The Response            Psalm 130

The Epistle            2 Corinthians 4:13-5:1

In today’s reading from the second letter to the church at Corinth, Paul looks forward from the “slight momentary affliction” of life in a failing body to the glory of eternal life with the risen Jesus. Before that, though, Paul’s concern is here and now as he works and prays for God’s grace to extend throughout this world.

The Gospel            Mark 3:20-35


Further thoughts

On a warm Sunday afternoon a quarter-century ago, a girl of 10 was sobbing helplessly. Neither her parents nor the young woman in whose lap she huddled nor the dozen other adults in the tiny apartment had the heart to stop her. Word had come that morning that a couple whom they all esteemed as family, whose oldest son was (and still is) the girl’s great friend, had gone to awaken their beautiful four-month-old baby boy for Mass and found him dead. As the girl wept, her brother played on the floor with a wooden train set. Something made the little fellow crow with glee, at which the girl burst out, “I wish I weren’t grown up enough to have to know this!” She had consciousness that her little brother didn’t; often that was good, but in this case, it hurt.

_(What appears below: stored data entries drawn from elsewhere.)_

lemma Gamma_o_induced_by_vars:
  assumes "tanner_graph G" and S: "S \<subseteq> vars G \<inter> W"
  shows "Gamma_o (induced_by_vars (induced_on G W) S) = odd_checks G W S"
proof -
  have disj: "vars G \<inter> checks G = {}"
    using assms(1) by (simp add: tanner_graph_def)
  define C where "C = nbrs (induced_on G W) S"
  have C: "C = {c \<in> checks G \<inter> W. \<exists>l\<in>S. (l, c) \<in> edges G}"
    using S unfolding C_def nbrs_def induced_on_def by auto
  have "vars G \<inter> (W \<inter> (S \<union> C)) = S" "checks G \<inter> (W \<inter> (S \<union> C)) = C"
    using S disj unfolding C by auto
  moreover have "c \<in> C" if "c \<in> checks G \<inter> W" "odd (card {l \<in> S. (l, c) \<in> edges G})" for c
    using that odd_card_imp_not_empty[of "{l \<in> S. (l, c) \<in> edges G}"] unfolding C by auto
  ultimately show ?thesis
    unfolding induced_by_vars_def induced_on_induced_on Gamma_o_induced_on odd_checks_def C_def[symmetric]
    by (auto simp: C)
qed

lemma Gamma_o_induced_on_bag:
  assumes "tanner_graph G" and "Q \<subseteq> vars G \<inter> X" "X \<subseteq> W"
  shows "Gamma_o (induced_on (induced_on G W) (Q \<union> (X \<inter> checks G))) = odd_checks G X Q"
proof -
  have disj: "vars G \<inter> checks G = {}"
    using assms(1) by (simp add: tanner_graph_def)
  have "vars G \<inter> (W \<inter> (Q \<union> (X \<inter> checks G))) = Q" "checks G \<inter> (W \<inter> (Q \<union> (X \<inter> checks G))) = checks G \<inter> X"
    using assms disj by auto
  then show ?thesis
    unfolding induced_on_induced_on Gamma_o_induced_on odd_checks_def by simp
qed

section \<open>Rooted trees given by a parent function\<close>

lemma par_rel_iff: "(a, b) \<in> par_rel N r par \<longleftrightarrow> a \<in> N \<and> a \<noteq> r \<and> b = par a"
  unfolding par_rel_def by auto

lemma par_rel_functional: "(a, b) \<in> par_rel N r par \<Longrightarrow> (a, c) \<in> par_rel N r par \<Longrightarrow> b = c"
  by (simp add: par_rel_iff)

lemma par_rel_ancestors_comparable:
  assumes "(x, y) \<in> (par_rel N r par)\<^sup>*" "(x, z) \<in> (par_rel N r par)\<^sup>*"
  shows "(y, z) \<in> (par_rel N r par)\<^sup>* \<or> (z, y) \<in> (par_rel N r par)\<^sup>*"
  using assms
proof (induction arbitrary: z rule: converse_rtrancl_induct)
  case base
  then show ?case by blast
next
  case (step x w)
  from step.prems show ?case
  proof (cases rule: converse_rtranclE)
    case base
    then show ?thesis using step.hyps by (meson converse_rtrancl_into_rtrancl)
  next
    case (step w')
    then have "w' = w" using par_rel_functional \<open>(x, w) \<in> par_rel N r par\<close> by metis
    then show ?thesis using step step.IH by blast
  qed
qed

lemma par_rel_acyclic:
  assumes "(x, r) \<in> (par_rel N r par)\<^sup>*"
  shows "(x, x) \<notin> (par_rel N r par)\<^sup>+"
  using assms
proof (induction rule: converse_rtrancl_induct)
  case base
  then show ?case by (metis par_rel_iff tranclD)
next
  case (step x y)
  show ?case
  proof
    assume "(x, x) \<in> (par_rel N r par)\<^sup>+"
    then obtain w where "(x, w) \<in> par_rel N r par" "(w, x) \<in> (par_rel N r par)\<^sup>*"
      by (meson tranclD)
    then have "(y, y) \<in> (par_rel N r par)\<^sup>+"
      using step.hyps(1) par_rel_functional by (metis rtrancl_into_trancl1)
    then show False using step.IH by blast
  qed
qed

lemma descendants_children:
  "descendants N r par t = insert t (\<Union>c\<in>children N r par t. descendants N r par c)"
proof (intro equalityI subsetI)
  fix s assume "s \<in> descendants N r par t"
  then have "(s, t) \<in> (par_rel N r par)\<^sup>*" by (simp add: descendants_def)
  then show "s \<in> insert t (\<Union>c\<in>children N r par t. descendants N r par c)"
  proof (cases rule: rtranclE)
    case (step c)
    then have "c \<in> children N r par t" by (auto simp: children_def par_rel_iff)
    with step show ?thesis by (auto simp: descendants_def)
  qed simp
next
  fix s assume "s \<in> insert t (\<Union>c\<in>children N r par t. descendants N r par c)"
  moreover have "(c, t) \<in> par_rel N r par" if "c \<in> children N r par t" for c
    using that by (auto simp: children_def par_rel_iff)
  ultimately show "s \<in> descendants N r par t"
    by (auto simp: descendants_def intro: rtrancl_into_rtrancl)
qed

lemma descendants_subset: "x \<in> N \<Longrightarrow> descendants N r par x \<subseteq> N"
  unfolding descendants_def by (auto elim: converse_rtranclE simp: par_rel_iff)

lemma descendants_children_disjoint:
  assumes "rooted_tree N r par" "t \<in> N"
    and c: "c1 \<in> children N r par t" "c2 \<in> children N r par t" "c1 \<noteq> c2"
  shows "descendants N r par c1 \<inter> descendants N r par c2 = {}"
proof -
  have below_sibling: "(a, b) \<notin> (par_rel N r par)\<^sup>*"
    if "a \<in> children N r par t" "b \<in> children N r par t" "a \<noteq> b" for a b
  proof
    assume "(a, b) \<in> (par_rel N r par)\<^sup>*"
    then obtain w where "(a, w) \<in> par_rel N r par" "(w, b) \<in> (par_rel N r par)\<^sup>*"
      using \<open>a \<noteq> b\<close> by (meson converse_rtranclE)
    moreover have "(a, t) \<in> par_rel N r par" "(b, t) \<in> par_rel N r par"
      using that by (auto simp: children_def par_rel_iff)
    ultimately have "(t, t) \<in> (par_rel N r par)\<^sup>+"
      using par_rel_functional by (metis rtrancl_into_trancl1)
    moreover have "(t, r) \<in> (par_rel N r par)\<^sup>*"
      using assms(1,2) by (simp add: rooted_tree_def)
    ultimately show False using par_rel_acyclic[of t r N par] by blast
  qed
  show ?thesis
  proof (rule ccontr)
    assume "descendants N r par c1 \<inter> descendants N r par c2 \<noteq> {}"
    then obtain s where "(s, c1) \<in> (par_rel N r par)\<^sup>*" "(s, c2) \<in> (par_rel N r par)\<^sup>*"
      by (auto simp: descendants_def)
    then show False
      using par_rel_ancestors_comparable below_sibling c by metis
  qed
qed

lemma tree_connected_through_parent:
  assumes c: "c \<in> N" "c \<noteq> r" and X: "tree_connected N r par X"
    and a: "a \<in> X" "a \<in> descendants N r par c" and b: "b \<in> X" "b \<notin> descendants N r par c"
  shows "par c \<in> X"
proof (rule ccontr)
  assume par_notin: "par c \<notin> X"
  have "(a, b) \<in> ((par_rel N r par \<union> (par_rel N r par)\<inverse>) \<inter> (X \<times> X))\<^sup>*"
    using X a b unfolding tree_connected_def by blast
  then have "b \<in> descendants N r par c"
  proof (induction rule: rtrancl_induct)
    case base
    then show ?case using a by blast
  next
    case (step y z)
    then have y: "(y, c) \<in> (par_rel N r par)\<^sup>*" and z: "z \<in> X"
      by (auto simp: descendants_def)
    from step.hyps(2) consider "(y, z) \<in> par_rel N r par" | "(z, y) \<in> par_rel N r par"
      by blast
    then show ?case
    proof cases
      case 1
      show ?thesis
      proof (cases "y = c")
        case True
        then show ?thesis using 1 c z par_notin by (simp add: par_rel_iff)
      next
        case False
        then obtain w where "(y, w) \<in> par_rel N r par" "(w, c) \<in> (par_rel N r par)\<^sup>*"
          using y by (meson converse_rtranclE)
        then show ?thesis using 1 par_rel_functional by (metis descendants_def mem_Collect_eq)
      qed
    next
      case 2
      then show ?thesis using y by (simp add: descendants_def converse_rtrancl_into_rtrancl)
    qed
  qed
  then show False using b by blast
qed

section \<open>Subtrees of a tree decomposition\<close>

lemma tree_decompositionD:
  assumes "tree_decomposition G N r par B"
  shows "rooted_tree N r par"
    and "\<And>s. s \<in> N \<Longrightarrow> B s \<subseteq> vars G \<union> checks G"
    and "\<And>l k. (l, k) \<in> edges G \<Longrightarrow> \<exists>s\<in>N. l \<in> B s \<and> k \<in> B s"
    and "\<And>v. v \<in> vars G \<union> checks G \<Longrightarrow> tree_connected N r par {s \<in> N. v \<in> B s}"
  using assms unfolding tree_decomposition_def by blast+

definition subtree_vertices :: "'n set \<Rightarrow> 'n \<Rightarrow> ('n \<Rightarrow> 'n) \<Rightarrow> ('n \<Rightarrow> 'v set) \<Rightarrow> 'n \<Rightarrow> 'v set" where
  "subtree_vertices N r par B x = (\<Union>s\<in>descendants N r par x. B s)"

lemma subG_eq_induced_on: "subG G N r par B x = induced_on G (subtree_vertices N r par B x)"
  by (simp add: subG_def subtree_vertices_def)

lemma bag_subset_subtree_vertices: "B x \<subseteq> subtree_vertices N r par B x"
  unfolding subtree_vertices_def descendants_def by blast

lemma subtree_vertices_children:
  "subtree_vertices N r par B t = B t \<union> (\<Union>c\<in>children N r par t. subtree_vertices N r par B c)"
  unfolding subtree_vertices_def by (subst descendants_children) simp

lemma bag_in_subtree:
  assumes td: "tree_decomposition G N r par B" and c: "c \<in> N" "c \<noteq> r"
    and x: "x \<in> subtree_vertices N r par B c" "x \<notin> B (par c)" and s: "s \<in> N" "x \<in> B s"
  shows "s \<in> descendants N r par c"
proof (rule ccontr)
  assume s_outside: "s \<notin> descendants N r par c"
  obtain s' where s': "s' \<in> descendants N r par c" "x \<in> B s'"
    using x(1) unfolding subtree_vertices_def by blast
  have "s' \<in> N" using descendants_subset[OF c(1)] s'(1) by blast
  then have "tree_connected N r par {s \<in> N. x \<in> B s}"
    using tree_decompositionD(2,4)[OF td] s'(2) by blast
  then have "par c \<in> {s \<in> N. x \<in> B s}"
    using tree_connected_through_parent[OF c] s' \<open>s' \<in> N\<close> s s_outside by blast
  then show False using x(2) by blast
qed

lemma subtree_vertices_children_Int:
  assumes td: "tree_decomposition G N r par B" and "t \<in> N"
    and c: "c1 \<in> children N r par t" "c2 \<in> children N r par t" "c1 \<noteq> c2"
  shows "subtree_vertices N r par B c1 \<inter> subtree_vertices N r par B c2 \<subseteq> B t"
proof
  fix x assume x: "x \<in> subtree_vertices N r par B c1 \<inter> subtree_vertices N r par B c2"
  have c1: "c1 \<in> N" "c1 \<noteq> r" "par c1 = t" and "c2 \<in> N"
    using c by (auto simp: children_def)
  obtain s where s: "s \<in> descendants N r par c2" "x \<in> B s"
    using x unfolding subtree_vertices_def by blast
  have "s \<in> N" using descendants_subset[OF \<open>c2 \<in> N\<close>] s(1) by blast
  show "x \<in> B t"
  proof (rule ccontr)
    assume "x \<notin> B t"
    then have "s \<in> descendants N r par c1"
      using bag_in_subtree[OF td c1(1,2) _ _ \<open>s \<in> N\<close> s(2)] x unfolding c1(3) by blast
    then show False
      using descendants_children_disjoint[OF tree_decompositionD(1)[OF td] assms(2) c] s(1) by blast
  qed
qed

lemma edge_in_subtree:
  assumes td: "tree_decomposition G N r par B" and c: "c \<in> N" "c \<noteq> r"
    and e: "(l, k) \<in> edges G" and x: "x = l \<or> x = k"
    and x_inside: "x \<in> subtree_vertices N r par B c" "x \<notin> B (par c)"
  shows "l \<in> subtree_vertices N r par B c" "k \<in> subtree_vertices N r par B c"
proof -
  obtain s where s: "s \<in> N" "l \<in> B s" "k \<in> B s"
    using tree_decompositionD(3)[OF td e] by blast
  then have "s \<in> descendants N r par c"
    using bag_in_subtree[OF td c x_inside] x by blast
  then show "l \<in> subtree_vertices N r par B c" "k \<in> subtree_vertices N r par B c"
    using s unfolding subtree_vertices_def by blast+
qed

definition trapping_sets ::
  "'v tgraph \<Rightarrow> 'n set \<Rightarrow> 'n \<Rightarrow> ('n \<Rightarrow> 'n) \<Rightarrow> ('n \<Rightarrow> 'v set) \<Rightarrow> 'n \<Rightarrow> 'v set \<Rightarrow> 'v set \<Rightarrow> 'v set set" where
  "trapping_sets G N r par B x R Q = {S. has_params G N r par B x R Q S}"

lemma f_t_eq_min_card: "f_t G N r par B x R Q = min_card (trapping_sets G N r par B x R Q)"
  by (simp add: f_t_def min_card_def trapping_sets_def)

lemma g_t_eq_count_card:
  "g_t G N r par B x R Q = count_card (trapping_sets G N r par B x R Q) (f_t G N r par B x R Q)"
  by (simp add: g_t_def count_card_def trapping_sets_def)

lemma finite_trapping_sets:
  "tanner_graph G \<Longrightarrow> finite (trapping_sets G N r par B x R Q)"
  by (rule finite_subset[of _ "Pow (vars G)"]) (auto simp: trapping_sets_def has_params_def tanner_graph_def)

lemma has_params_iff:
  assumes "tanner_graph G"
  shows "has_params G N r par B x R Q S \<longleftrightarrow>
    S \<noteq> {} \<and> S \<subseteq> vars G \<inter> subtree_vertices N r par B x \<and> S \<inter> B x = Q \<and>
    odd_checks G (subtree_vertices N r par B x) S = R"
proof -
  have "S \<inter> (B x \<inter> vars G) = S \<inter> B x" if "S \<subseteq> vars G" using that by blast
  then show ?thesis
    unfolding has_params_def subG_eq_induced_on
    using Gamma_o_induced_by_vars[OF assms] by (auto simp: induced_on_def)
qed

section \<open>Join nodes\<close>

locale join_node =
  fixes G :: "'v tgraph" and N :: "'n set" and r :: 'n and par :: "'n \<Rightarrow> 'n"
    and B :: "'n \<Rightarrow> 'v set" and t t1 t2 :: 'n
  assumes tanner: "tanner_graph G"
    and nice: "nice_tree_decomposition G N r par B"
    and t_in: "t \<in> N"
    and children_t: "children N r par t = {t1, t2}"
    and distinct_children: "t1 \<noteq> t2"
begin

abbreviation V :: "'n \<Rightarrow> 'v set" where
  "V \<equiv> subtree_vertices N r par B"

abbreviation TS :: "'n \<Rightarrow> 'v set \<Rightarrow> 'v set \<Rightarrow> 'v set set" where
  "TS \<equiv> trapping_sets G N r par B"

(* The hypotheses are symmetric in t1 and t2, so facts proved for t1 transfer to t2 through
   this interpretation. *)

lemma join_node_swap: "join_node G N r par B t t2 t1"
  using tanner nice t_in children_t distinct_children
  by unfold_locales (auto simp: insert_commute)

Today’s readings all deal in limits and boundaries. A boundary marks the point at which something that was not, is or something that is, ceases to be: ownership is a boundary (“mine” vs. “not mine”), and so is a law, and so are birth and death and creation. As Genesis opens, God has no rest until God creates that which is not God, which is the universe. Then in today’s reading, the man and the woman cross a boundary set by God and meet consequences that, like the girl’s, hurt—but they also cross a boundary of knowledge like the one that separated the girl’s consciousness from that of her brother, and like the one that distinguished her parents’ consciousness from hers. Paul refuses to be bound by the limits of his frail human body as he strives toward the goal of bringing more and more people within the extent of God’s grace. Jesus bids us rethink the boundaries between “insane” and “sane”, between “demon-possessed” and “Spirit-filled”, and between “enemy” and “friend”; in the process he demonstrates for us a radically expanded definition of “family”.

Perhaps, then, this Genesis story is less about the wickedness of human beings than it is about the urge—inherited from our Father—to know and to make and to both create and transcend boundaries. Being God is beyond our grasp: who but God could take a personal interest in each and every atom in the universe, let alone bear the burden of balancing the best interests of all creatures great and small? Within our own God-given spheres, however, we can listen and learn and allow the boundaries of our families to expand, and in so doing we live out the kingdom of God among us.